Lucie Delemotte

Lucie Delemotte’s research focuses on understanding, predicting, and modifying membrane protein function. Membrane proteins are the windows of the cell, they make it possible for cells to experience changes in their environment, such as the presence of hormones or drugs, or a shift in the ionic concentrations of the extracellular medium.

Like other proteins, membrane protein function is governed in large part by their structure, i.e. their 3-D shape. Recent developments, however, point to the role of dynamical properties in shaping protein function. Lucie Delemotte’s lab thus conducts molecular dynamics simulations of membrane proteins such as ion channels, G-protein coupled receptors and solute transporters, resolving how these proteins move in response to stimuli. Often, since the time scales accessible to regular simulations are too short to sample interesting processes, her lab designs and applies so-called enhanced sampling protocols that make it possible to collect trajectories over long-enough timescales.
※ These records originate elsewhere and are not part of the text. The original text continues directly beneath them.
lemma integrable_grad_risk_grad: "integrable (samples UNIV) (\<lambda>\<omega>. grad \<omega> t * risk_grad \<omega> t (fst (\<omega> t)))"
proof (rule S.integrable_const_bound[where B="grad_bound t * (grad_bound t * \<kappa>\<^sup>2)"])
  show "AE \<omega> in samples UNIV. norm (grad \<omega> t * risk_grad \<omega> t (fst (\<omega> t))) \<le> grad_bound t * (grad_bound t * \<kappa>\<^sup>2)"
  proof (rule AE_I2)
    fix \<omega> assume w: "\<omega> \<in> space (samples UNIV)"
    have g: "\<And>k. k < t \<Longrightarrow> \<omega> k \<in> X \<times> Y" using space_samples_lessThan[OF w] by auto
    have xy: "\<omega> t \<in> X \<times> Y" using space_samples[OF w] by auto
    have "\<bar>grad \<omega> t\<bar> \<le> grad_bound t" unfolding grad_def using abs_dphi_pred_le[OF g xy] .
    moreover have "\<bar>risk_grad \<omega> t (fst (\<omega> t))\<bar> \<le> grad_bound t * \<kappa>\<^sup>2" using abs_risk_grad_le[OF g] xy by (auto simp: mem_Times_iff)
    ultimately show "norm (grad \<omega> t * risk_grad \<omega> t (fst (\<omega> t))) \<le> grad_bound t * (grad_bound t * \<kappa>\<^sup>2)"
      by (simp add: abs_mult mult_mono')
  qed
qed (rule grad_risk_grad_measurable)

text \<open>Since \<open>\<omega> t\<close> is independent of \<open>f\<^sub>t\<close>, the expectation is that of the squared norm of the
  gradient of the risk, written as a double kernel integral.\<close>
lemma expectation_grad_risk_grad_nonneg: "0 \<le> (\<integral>\<omega>. grad \<omega> t * risk_grad \<omega> t (fst (\<omega> t)) \<partial>samples UNIV)"
proof -
  let ?h = "\<lambda>w. dphi (snd (snd w)) (pred (fst w) t (fst (snd w))) * risk_grad (fst w) t (fst (snd w))"
  have mI: "?h \<in> borel_measurable (samples I \<Otimes>\<^sub>M rho)" if "{..<t} \<subseteq> I" for I
    using dloss_pred_measurable[OF that] risk_grad_measurable[OF that] by (intro borel_measurable_times) auto
  have "(\<integral>\<omega>. ?h (\<omega>, \<omega> t) \<partial>samples UNIV) = (\<integral>\<omega>. (\<integral>z. ?h (\<omega>, z) \<partial>rho) \<partial>samples UNIV)"
  proof (rule integral_PiM_fresh_coordinate[OF rho_prob, where C="grad_bound t * (grad_bound t * \<kappa>\<^sup>2)"])
    show "?h \<in> borel_measurable (samples (UNIV - {t}) \<Otimes>\<^sub>M rho)" by (rule mI) auto
    show "?h \<in> borel_measurable (samples UNIV \<Otimes>\<^sub>M rho)" by (rule mI) auto
  next
    fix \<omega> :: "nat \<Rightarrow> 'x \<times> real" and z assume a: "\<And>k. k \<noteq> t \<Longrightarrow> \<omega> k \<in> space rho" "z \<in> space rho"
    have g: "\<And>k. k < t \<Longrightarrow> \<omega> k \<in> X \<times> Y" using a(1) space_rho by auto
    have z: "z \<in> X \<times> Y" using a(2) space_rho by simp
    have "\<bar>dphi (snd z) (pred \<omega> t (fst z))\<bar> \<le> grad_bound t" using abs_dphi_pred_le[OF g z] .
    moreover have "\<bar>risk_grad \<omega> t (fst z)\<bar> \<le> grad_bound t * \<kappa>\<^sup>2" using abs_risk_grad_le[OF g] z by (auto simp: mem_Times_iff)
    ultimately show "\<bar>?h (\<omega>, z)\<bar> \<le> grad_bound t * (grad_bound t * \<kappa>\<^sup>2)" by (simp add: abs_mult mult_mono')
  next
    fix \<omega> :: "nat \<Rightarrow> 'x \<times> real" and x z
    show "?h (fun_upd \<omega> t x, z) = ?h (\<omega>, z)" using pred_fun_upd[of t t \<omega> x] risk_grad_fun_upd[of \<omega> t x] by simp
  qed
  moreover have "0 \<le> (\<integral>\<omega>. (\<integral>z. ?h (\<omega>, z) \<partial>rho) \<partial>samples UNIV)"
  proof (rule integral_nonneg_AE, rule AE_I2)
    fix \<omega> assume w: "\<omega> \<in> space (samples UNIV)"
    have g: "\<And>k. k < t \<Longrightarrow> \<omega> k \<in> X \<times> Y" using space_samples_lessThan[OF w] by auto
    have "0 \<le> (\<integral>z'. dphi (snd z') (pred \<omega> t (fst z')) * (\<integral>z. dphi (snd z) (pred \<omega> t (fst z)) * K (fst z') (fst z) \<partial>rho) \<partial>rho)"
    proof (rule feature_kernel.double_integral_kernel_nonneg[OF feature_kernel_rho, where A="grad_bound t"])
      show "(\<lambda>z. dphi (snd z) (pred \<omega> t (fst z))) \<in> borel_measurable rho"
        using measurable_Pair2[OF dloss_pred_measurable[of t UNIV] w] by simp
      fix z assume "z \<in> space rho"
      then show "\<bar>dphi (snd z) (pred \<omega> t (fst z))\<bar> \<le> grad_bound t" using abs_dphi_pred_le[OF g] space_rho by auto
    qed
    then show "0 \<le> (\<integral>z. ?h (\<omega>, z) \<partial>rho)" by (simp add: risk_grad_def)
  qed
  moreover have "(\<integral>\<omega>. ?h (\<omega>, \<omega> t) \<partial>samples UNIV) = (\<integral>\<omega>. grad \<omega> t * risk_grad \<omega> t (fst (\<omega> t)) \<partial>samples UNIV)"
    by (simp add: grad_def)
  ultimately show ?thesis by simp
qed

lemma exp_risk_step:
  assumes t: "1 \<le> t"
  shows "exp_risk (Suc t) \<le> exp_risk t
    + L * eta t powr (1 + \<alpha>) * (\<kappa>\<^sup>2) powr (1 + \<alpha>) * (1 + self_bound_const L \<alpha> * exp_risk t)"
proof -
  define e where "e = L * eta t powr (1 + \<alpha>) * (\<kappa>\<^sup>2) powr (1 + \<alpha>)"
  let ?f = "\<lambda>\<omega>. phi (snd (\<omega> t)) (pred \<omega> t (fst (\<omega> t)))"
  let ?q = "\<lambda>\<omega>. grad \<omega> t * risk_grad \<omega> t (fst (\<omega> t))"
  have "exp_risk (Suc t) \<le> (\<integral>\<omega>. risk \<omega> t - eta t * ?q \<omega> + e * (1 + self_bound_const L \<alpha> * ?f \<omega>) \<partial>samples UNIV)"
    unfolding exp_risk_def
  proof (rule integral_mono[OF integrable_risk])
    show "integrable (samples UNIV) (\<lambda>\<omega>. risk \<omega> t - eta t * ?q \<omega> + e * (1 + self_bound_const L \<alpha> * ?f \<omega>))"
      using integrable_risk integrable_grad_risk_grad integrable_loss_sample by (simp add: distrib_left)
    show "risk \<omega> (Suc t) \<le> risk \<omega> t - eta t * ?q \<omega> + e * (1 + self_bound_const L \<alpha> * ?f \<omega>)"
      if "\<omega> \<in> space (samples UNIV)" for \<omega>
      unfolding e_def by (rule risk_step[OF that t])
  qed
  also have "\<dots> = exp_risk t - eta t * (\<integral>\<omega>. ?q \<omega> \<partial>samples UNIV) + e * (1 + self_bound_const L \<alpha> * exp_risk t)"
    using integrable_risk integrable_grad_risk_grad integrable_loss_sample expectation_loss_sample[of t]
    by (simp add: exp_risk_def S.prob_space distrib_left)
  also have "\<dots> \<le> exp_risk t + e * (1 + self_bound_const L \<alpha> * exp_risk t)"
    using expectation_grad_risk_grad_nonneg[of t] eta_pos[OF t] by simp
  finally show ?thesis unfolding e_def .
qed

lemma risk_H_le_exp_risk: "risk_H \<le> exp_risk t"
proof -
  show ?thesis unfolding exp_risk_def by (rule S.integral_ge_const[OF integrable_risk]) (use risk_H_le_risk in auto)
qed

lemma exp_dist_sq_nonneg: "0 \<le> exp_dist_sq t"
  unfolding exp_dist_sq_def by (rule integral_nonneg_AE) (use dist_sq_bounds in auto)

definition excess_risk :: "nat \<Rightarrow> real" where
  "excess_risk t = exp_risk t - risk_H"

definition recursion_const :: real where
  "recursion_const = (\<kappa>\<^sup>2 + L * (\<kappa>\<^sup>2) powr (1 + \<alpha>)) * (1 + self_bound_const L \<alpha> * (risk_H + 1)) + 1"

lemma recursion_const_pos: "0 < recursion_const"
proof -
  have "0 \<le> 1 + self_bound_const L \<alpha> * (risk_H + 1)"
    using self_bound_pos risk_H_bounds by simp
  moreover have "0 \<le> \<kappa>\<^sup>2 + L * (\<kappa>\<^sup>2) powr (1 + \<alpha>)"
    using L_pos by simp
  ultimately show ?thesis unfolding recursion_const_def by (simp add: add_nonneg_pos)
qed

lemma self_bound_exp_risk_le:
  "1 + self_bound_const L \<alpha> * exp_risk t \<le> (1 + self_bound_const L \<alpha> * (risk_H + 1)) * (1 + excess_risk t)"
proof -
  have "0 \<le> excess_risk t" unfolding excess_risk_def using risk_H_le_exp_risk[of t] by simp
  then have "0 \<le> (1 + self_bound_const L \<alpha> * risk_H) * excess_risk t"
    using self_bound_pos risk_H_bounds by simp
  then show ?thesis
    using self_bound_pos \<open>0 \<le> excess_risk t\<close> unfolding excess_risk_def by (simp add: algebra_simps)
qed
The noisy data generated is then analyzed using dimensionality reduction, clustering and other data analysis methods, eventually resulting in mechanical models of protein function.

Membrane protein dysfunction can lead to diseases such as epilepsy, cardiac arrhythmias, cancer and many more. By characterizing membrane protein function, we can understand the molecular basis for the dysfunction and the Delemotte lab is working on developing methods to design new modulators (i.e. molecules with a desired effect) which use novel modalities.